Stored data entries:

▼

lemma prime_in_constructible_closure_above:
  assumes Y: "Y \<subseteq> Spec D" "\<Inter>(localization D ` Y) = D"
    and M: "t_ideal D M" "M \<noteq> D" "M \<noteq> {0}"
  obtains Q where "prime_ideal_of D Q" "Q \<in> constructible_topology D closure_of Y" "M \<subseteq> Q"
proof -
  define \<B> where "\<B> = (\<lambda>F. {Q \<in> Y. F \<subseteq> Q}) ` {F. finite F \<and> F \<subseteq> M}"
  have "finite_intersection_property Y \<B>"
    unfolding finite_intersection_property_def
  proof (intro allI impI)
    fix \<G> assume "finite \<G> \<and> \<G> \<subseteq> \<B>"
    then obtain \<F> where \<F>: "\<F> \<subseteq> {F. finite F \<and> F \<subseteq> M}" "finite \<F>" "\<G> = (\<lambda>F. {Q \<in> Y. F \<subseteq> Q}) ` \<F>"
      using finite_subset_image[of \<G> "\<lambda>F. {Q \<in> Y. F \<subseteq> Q}" "{F. finite F \<and> F \<subseteq> M}"]
      unfolding \<B>_def by blast
    then have "finite (\<Union>\<F>)" "\<Union>\<F> \<subseteq> M" by auto
    then obtain Q where "Q \<in> Y" "\<Union>\<F> \<subseteq> Q" using finite_subset_in_representation[OF Y M] by meson
    then have "Q \<in> Y \<inter> \<Inter>\<G>" unfolding \<F>(3) by blast
    then show "Y \<inter> \<Inter>\<G> \<noteq> {}" by blast
  qed
  moreover have "\<B> \<subseteq> Pow Y" unfolding \<B>_def by blast
  ultimately obtain \<U> where \<U>: "ultrafilter_on Y \<U>" "\<B> \<subseteq> \<U>"
    using ex_ultrafilter_on_extending by meson
  have "M \<subseteq> ultrafilter_limit D Y \<U>"
  proof
    fix x assume "x \<in> M"
    then have "{Q \<in> Y. {x} \<subseteq> Q} \<in> \<B>" unfolding \<B>_def by (intro imageI) simp
    then have "{Q \<in> Y. {x} \<subseteq> Q} \<in> \<U>" using \<U>(2) by blast
    moreover have "x \<in> D" using \<open>x \<in> M\<close> M(1) unfolding t_ideal_def ideal_of_def by blast
    ultimately show "x \<in> ultrafilter_limit D Y \<U>" unfolding ultrafilter_limit_def by simp
  qed
  then show thesis
    by (rule that[OF prime_ideal_ultrafilter_limit[OF \<U>(1) Y(1)]
          ultrafilter_limit_in_constructible_closure[OF \<U>(1) Y(1)]])
qed

end

section \<open>Essential representations and PvMDs\<close>

locale domain_with_quotient_field = domain_in_field +
  assumes frac_set_eq_UNIV: "frac_set D = UNIV"
begin

lemma valuation_domain_overring:
  assumes "D \<subseteq> V" "V \<subseteq> W" "subring W" "valuation_domain V"
  shows "valuation_domain W"
proof -
  have "frac_set V = UNIV" using frac_set_eq_UNIV \<open>D \<subseteq> V\<close> unfolding frac_set_def by blast
  then show ?thesis using assms(2-4) unfolding valuation_domain_def by blast
qed

lemma valuation_domain_localization_antimono:
  assumes "prime_ideal_of D P" "prime_ideal_of D Q" "P \<subseteq> Q"
    and "valuation_domain (localization D Q)"
  shows "valuation_domain (localization D P)"
  by (rule valuation_domain_overring[OF subset_localization[OF assms(2)]
        localization_antimono[OF assms(3)] subring_localization[OF assms(1)] assms(4)])

lemma valuation_domain_localization_zero: "valuation_domain (localization D {0})"
proof -
  have "localization D {0} = UNIV" using frac_set_eq_UNIV unfolding localization_def frac_set_def by simp
  then show ?thesis unfolding valuation_domain_def subring_def by simp
qed

lemma valuation_domain_localization_t_Spec:
  assumes "PvMD D" "P \<in> t_Spec D"
  shows "valuation_domain (localization D P)"
proof (cases "P = {0}")
  case True
  then show ?thesis using valuation_domain_localization_zero by simp
next
  case False
  have P: "prime_ideal_of D P" "t_ideal D P" using assms(2) unfolding t_Spec_def Spec_def by auto
  then have "P \<noteq> D" unfolding prime_ideal_of_def by blast
  then obtain M where "t_maximal D M" "P \<subseteq> M" using t_maximal_exists P(2) False by blast
  then show ?thesis
    using valuation_domain_localization_antimono[OF P(1) t_maximal_imp_prime] assms(1)
    unfolding PvMD_def by blast
qed

lemma Inter_localization_t_maximal:
  assumes "Y \<subseteq> Spec D" "{M. t_maximal D M} \<subseteq> Y"
  shows "\<Inter>(localization D ` Y) = D"
proof
  show "D \<subseteq> \<Inter>(localization D ` Y)"
    using subset_localization assms(1) unfolding Spec_def by (simp add: INT_greatest subset_iff)
  show "\<Inter>(localization D ` Y) \<subseteq> D"
  proof
    fix x assume x: "x \<in> \<Inter>(localization D ` Y)"
    have "x \<in> frac_set D" using frac_set_eq_UNIV by simp
    then obtain a b where "a \<in> D" "b \<in> D" "b \<noteq> 0" "x = a / b"
      unfolding frac_set_def by blast
    let ?I = "{d \<in> D. d * x \<in> D}"
    \<comment> \<open>If \<open>x \<notin> D\<close>, the conductor \<open>?I\<close> is a proper \<open>t\<close>-ideal, hence inside a \<open>t\<close>-maximal \<open>M\<close>,
      and writing \<open>x\<close> as a fraction in \<open>D\<^sub>M\<close> produces a denominator in \<open>?I - M\<close>.\<close>
    have "b \<in> ?I" using \<open>a \<in> D\<close> \<open>b \<in> D\<close> \<open>b \<noteq> 0\<close> \<open>x = a / b\<close> by simp
    then have "?I \<noteq> {0}" using \<open>b \<noteq> 0\<close> by auto
    show "x \<in> D"
    proof (rule ccontr)
      assume "x \<notin> D"
      then have "1 \<notin> ?I" by simp
      then have "?I \<noteq> D" using one_mem by metis
      then obtain M where M: "t_maximal D M" "?I \<subseteq> M"
        using t_maximal_exists[OF t_ideal_conductor \<open>?I \<noteq> {0}\<close> \<open>?I \<noteq> D\<close>] by blast
      then have "x \<in> localization D M" using x assms(2) by blast
      then obtain c e where "c \<in> D" "e \<in> D" "e \<notin> M" "x = c / e" unfolding localization_def by blast
      have "0 \<in> M" using M(1) unfolding t_maximal_def t_ideal_def ideal_of_def by blast
      then have "e \<noteq> 0" using \<open>e \<notin> M\<close> by blast
      then have "e * x = c" using \<open>x = c / e\<close> by simp
      then have "e \<in> ?I" using \<open>e \<in> D\<close> \<open>c \<in> D\<close> by simp
      then show False using M(2) \<open>e \<notin> M\<close> by blast
    qed
  qed
qed

lemma PvMD_imp_t_Spec_representation:
  assumes "PvMD D"
  shows "essential_representation D (localization D ` t_Spec D)"
    and "constructible_topology D closure_of t_Spec D \<subseteq> ess_spec D"
proof -
  have "t_Spec D \<subseteq> ess_spec D"
    using valuation_domain_localization_t_Spec[OF assms] unfolding t_Spec_def ess_spec_def by blast
  then show "constructible_topology D closure_of t_Spec D \<subseteq> ess_spec D"
    using closure_of_closedin[OF closedin_constructible_t_Spec] by simp
  have "{M. t_maximal D M} \<subseteq> t_Spec D"
    using t_maximal_imp_prime unfolding t_Spec_def Spec_def t_maximal_def by blast
  then have "\<Inter>(localization D ` t_Spec D) = D"
    by (rule Inter_localization_t_maximal[rotated]) (auto simp: t_Spec_def)
  moreover have "essential_valuation_overring D (localization D P)" if "P \<in> t_Spec D" for P
    using that \<open>t_Spec D \<subseteq> ess_spec D\<close> subset_localization
    unfolding essential_valuation_overring_def ess_spec_def Spec_def by blast
  ultimately show "essential_representation D (localization D ` t_Spec D)"
    unfolding essential_representation_def by blast
qed

lemma representation_imp_PvMD:
  assumes Y: "Y \<subseteq> Spec D" "essential_representation D (localization D ` Y)"
    and closure: "constructible_topology D closure_of Y \<subseteq> ess_spec D"
  shows "PvMD D"
  unfolding PvMD_def
proof (intro allI impI)
  fix M assume "t_maximal D M"
  then have M: "t_ideal D M" "M \<noteq> D" "prime_ideal_of D M"
    using t_maximal_imp_prime unfolding t_maximal_def by blast+
  show "valuation_domain (localization D M)"
  proof (cases "M = {0}")
    case True
    then show ?thesis using valuation_domain_localization_zero by simp
  next
    case False
    have "\<Inter>(localization D ` Y) = D" using Y(2) unfolding essential_representation_def by blast
    then obtain Q where "prime_ideal_of D Q" "Q \<in> constructible_topology D closure_of Y" "M \<subseteq> Q"
      using prime_in_constructible_closure_above[OF Y(1) _ M(1,2) False] by blast
    then show ?thesis
      using valuation_domain_localization_antimono[OF M(3)] closure unfolding ess_spec_def by blast
  qed
qed

end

▲

◆ Your objective ◆
Each line holding the string "noteq" counts once. Work out the number of such lines in the data and give only that.

◆ Solution to this problem ◆
10